- **TASK OBJECTIVE**
The lines to reproduce run from the first one below to the line containing "using mult_mono[OF P e]", both included. Reproduce them exactly and nothing else.

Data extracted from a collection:
lemma abs_perturbed_product_rule_le:
  fixes P P' f f' u e c \<alpha> \<gamma> L M d :: real
  assumes P: "\<bar>P\<bar> \<le> 1" and P': "\<bar>P'\<bar> \<le> L" and P'f: "\<bar>P' * f\<bar> \<le> 2 * L" and Pf': "\<bar>P * f'\<bar> \<le> M + 2 * L"
    and u: "\<bar>u - f\<bar> \<le> \<alpha>" and c: "\<bar>1 - c\<bar> \<le> \<alpha>" and e: "\<bar>e - f'\<bar> \<le> \<gamma>"
    and "1 \<le> L" and "0 \<le> M" and "0 < d" and "d \<le> \<bar>c\<bar>"
  shows "\<bar>(P' * u + P * e) / c - (P' * f + P * f')\<bar> \<le> (5 + M) / d * (L * \<alpha> + \<gamma>)"
proof -
  have "c \<noteq> 0" and \<alpha>: "0 \<le> \<alpha>" and \<gamma>: "0 \<le> \<gamma>" and L: "0 \<le> L"
    using assms by auto
  then have "(P' * u + P * e) / c - (P' * f + P * f')
      = (P' * (u - f) + P' * f * (1 - c) + P * (e - f') + P * f' * (1 - c)) / c"
    by (simp add: field_simps)
  also have "\<bar>\<dots>\<bar> \<le> (L * \<alpha> + 2 * L * \<alpha> + 1 * \<gamma> + (M + 2 * L) * \<alpha>) / d"
    unfolding abs_divide
  proof (rule frac_le)
    have "\<bar>P' * (u - f)\<bar> \<le> L * \<alpha>"
      using mult_mono[OF P' u] L by (simp add: abs_mult)
    moreover have "\<bar>P' * f * (1 - c)\<bar> \<le> 2 * L * \<alpha>"
      using mult_mono[OF P'f c] L by (simp add: abs_mult)
    moreover have "\<bar>P * (e - f')\<bar> \<le> 1 * \<gamma>"
      using mult_mono[OF P e] by (simp add: abs_mult)
    moreover have "\<bar>P * f' * (1 - c)\<bar> \<le> (M + 2 * L) * \<alpha>"
      using mult_mono[OF Pf' c] order_trans[OF abs_ge_zero Pf'] by (simp add: abs_mult)
    ultimately show "\<bar>P' * (u - f) + P' * f * (1 - c) + P * (e - f') + P * f' * (1 - c)\<bar>
        \<le> L * \<alpha> + 2 * L * \<alpha> + 1 * \<gamma> + (M + 2 * L) * \<alpha>"
      by (smt (verit) abs_triangle_ineq)
  qed (use assms \<alpha> \<gamma> in auto)
  also have "\<dots> \<le> (5 + M) / d * (L * \<alpha> + \<gamma>)"
  proof -
    have "M * \<alpha> \<le> M * (L * \<alpha>)"
      using assms \<alpha> by (intro mult_left_mono) (simp_all add: mult_le_cancel_right1)
    then have "L * \<alpha> + 2 * L * \<alpha> + 1 * \<gamma> + (M + 2 * L) * \<alpha> \<le> (5 + M) * (L * \<alpha> + \<gamma>)"
      using mult_nonneg_nonneg[OF \<open>0 \<le> M\<close> \<gamma>] \<gamma> by (simp add: algebra_simps)
    then show ?thesis
      using divide_right_mono[of _ _ d] \<open>0 < d\<close> by simp
  qed
  finally show ?thesis .
qed

locale meyer_angle =
  fixes \<theta> \<theta>' :: "real \<Rightarrow> real" and \<omega>0 :: real
  assumes odd: "\<And>x. \<theta> (- x) = - \<theta> x"
    and has_deriv: "\<And>x. (\<theta> has_real_derivative \<theta>' x) (at x)"
    and deriv_cont: "continuous_on UNIV \<theta>'"
    and flat: "\<And>x. x > pi / 3 \<Longrightarrow> \<theta> x = pi / 4"
    and \<omega>0_ge: "pi / 3 \<le> \<omega>0" and \<omega>0_less: "\<omega>0 < pi / 2"
begin

lemma \<theta>_flat_right: "x \<ge> pi / 3 \<Longrightarrow> \<theta> x = pi / 4"
proof -
  assume x: "x \<ge> pi / 3"
  have "continuous_on UNIV \<theta>"
    using has_deriv by (meson DERIV_continuous continuous_at_imp_continuous_on)
  then have "closed {x. \<theta> x = pi / 4}"
    by (intro closed_Collect_eq) auto
  moreover have "{pi / 3<..} \<subseteq> {x. \<theta> x = pi / 4}"
    using flat by auto
  ultimately have "closure {pi / 3<..} \<subseteq> {x. \<theta> x = pi / 4}"
    by (rule closure_minimal[rotated])
  then show ?thesis
    using x by auto
qed

lemma \<theta>_flat_left: "x \<le> - pi / 3 \<Longrightarrow> \<theta> x = - pi / 4"
  using \<theta>_flat_right[of "- x"] odd[of x] by auto

lemma \<theta>'_eq_0: "\<bar>y\<bar> > pi / 3 \<Longrightarrow> \<theta>' y = 0"
proof -
  assume y: "\<bar>y\<bar> > pi / 3"
  obtain S c where "open S" "y \<in> S" "\<And>x. x \<in> S \<Longrightarrow> \<theta> x = c"
  proof (cases "y > 0")
    case True
    with y show ?thesis
      using flat by (intro that[of "{pi / 3<..}" "pi / 4"]) auto
  next
    case False
    with y show ?thesis
      using \<theta>_flat_left by (intro that[of "{..<- pi / 3}" "- pi / 4"]) auto
  qed
  then have "((\<lambda>x. c) has_real_derivative \<theta>' y) (at y)"
    using has_field_derivative_transform_within_open[OF has_deriv[of y]] by simp
  then show ?thesis
    using DERIV_const DERIV_unique by blast
qed

lemma bounded_\<theta>': "\<exists>B. \<forall>y. \<bar>\<theta>' y\<bar> \<le> B"
proof -
  obtain B where B: "\<And>y. y \<in> {-pi..pi} \<Longrightarrow> \<bar>\<theta>' y\<bar> \<le> B"
    using compact_imp_bounded[OF compact_continuous_image[OF continuous_on_subset[OF deriv_cont]]]
    by (fastforce simp: bounded_iff)
  have "\<bar>\<theta>' y\<bar> \<le> max B 0" for y
  proof (cases "\<bar>y\<bar> \<le> pi")
    case True
    then show ?thesis
      using B[of y] by (simp add: abs_le_iff)
  next
    case False
    then show ?thesis
      using \<theta>'_eq_0[of y] by simp
  qed
  then show ?thesis
    by blast
qed

lemma \<omega>0_pos: "0 < \<omega>0"
  using \<omega>0_ge pi_gt_zero by linarith

definition slope :: real where
  "slope = pi / (3 * (pi - 2 * \<omega>0))"

definition phi_deriv :: "real \<Rightarrow> real" where
  "phi_deriv x = - sgn x * slope * sin (pi / 4 + \<theta> (slope * (\<bar>x\<bar> - pi))) * \<theta>' (slope * (\<bar>x\<bar> - pi))"

lemma slope_pos: "slope > 0"
  using \<omega>0_less by (simp add: slope_def)

lemma slope_mult_gap: "slope * (pi - 2 * \<omega>0) = pi / 3"
  using \<omega>0_less by (simp add: slope_def field_simps)

lemma meyer_phi_eq: "meyer_phi \<theta> \<omega>0 x = cos (pi / 4 + \<theta> (slope * (\<bar>x\<bar> - pi)))"
proof -
  consider "\<bar>x\<bar> \<le> 2 * \<omega>0" | "2 * \<omega>0 < \<bar>x\<bar>" "\<bar>x\<bar> \<le> 2 * pi - 2 * \<omega>0" | "2 * pi - 2 * \<omega>0 < \<bar>x\<bar>"
    by linarith
  then show ?thesis
  proof cases
    case 1
    then have "slope * (\<bar>x\<bar> - pi) \<le> slope * - (pi - 2 * \<omega>0)"
      using slope_pos by (intro mult_left_mono) auto
    then have "\<theta> (slope * (\<bar>x\<bar> - pi)) = - pi / 4"
      using slope_mult_gap by (intro \<theta>_flat_left) (simp add: algebra_simps)
    with 1 show ?thesis
      by (simp add: meyer_phi_def)
  next
    case 2
    then show ?thesis
      by (simp add: meyer_phi_def slope_def)
  next
    case 3
    then have "slope * (\<bar>x\<bar> - pi) > slope * (pi - 2 * \<omega>0)"
      using slope_pos by (intro mult_strict_left_mono) auto
    then have flat_here: "\<theta> (slope * (\<bar>x\<bar> - pi)) = pi / 4"
      using slope_mult_gap by (intro flat) auto
    have "meyer_phi \<theta> \<omega>0 x = 0"
      using 3 \<omega>0_less by (simp add: meyer_phi_def)
    then show ?thesis
      unfolding flat_here by simp
  qed
qed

- **SOLUTION TO THIS TASK**
lemma abs_perturbed_product_rule_le:
  fixes P P' f f' u e c \<alpha> \<gamma> L M d :: real
  assumes P: "\<bar>P\<bar> \<le> 1" and P': "\<bar>P'\<bar> \<le> L" and P'f: "\<bar>P' * f\<bar> \<le> 2 * L" and Pf': "\<bar>P * f'\<bar> \<le> M + 2 * L"
    and u: "\<bar>u - f\<bar> \<le> \<alpha>" and c: "\<bar>1 - c\<bar> \<le> \<alpha>" and e: "\<bar>e - f'\<bar> \<le> \<gamma>"
    and "1 \<le> L" and "0 \<le> M" and "0 < d" and "d \<le> \<bar>c\<bar>"
  shows "\<bar>(P' * u + P * e) / c - (P' * f + P * f')\<bar> \<le> (5 + M) / d * (L * \<alpha> + \<gamma>)"
proof -
  have "c \<noteq> 0" and \<alpha>: "0 \<le> \<alpha>" and \<gamma>: "0 \<le> \<gamma>" and L: "0 \<le> L"
    using assms by auto
  then have "(P' * u + P * e) / c - (P' * f + P * f')
      = (P' * (u - f) + P' * f * (1 - c) + P * (e - f') + P * f' * (1 - c)) / c"
    by (simp add: field_simps)
  also have "\<bar>\<dots>\<bar> \<le> (L * \<alpha> + 2 * L * \<alpha> + 1 * \<gamma> + (M + 2 * L) * \<alpha>) / d"
    unfolding abs_divide
  proof (rule frac_le)
    have "\<bar>P' * (u - f)\<bar> \<le> L * \<alpha>"
      using mult_mono[OF P' u] L by (simp add: abs_mult)
    moreover have "\<bar>P' * f * (1 - c)\<bar> \<le> 2 * L * \<alpha>"
      using mult_mono[OF P'f c] L by (simp add: abs_mult)
    moreover have "\<bar>P * (e - f')\<bar> \<le> 1 * \<gamma>"
      using mult_mono[OF P e] by (simp add: abs_mult)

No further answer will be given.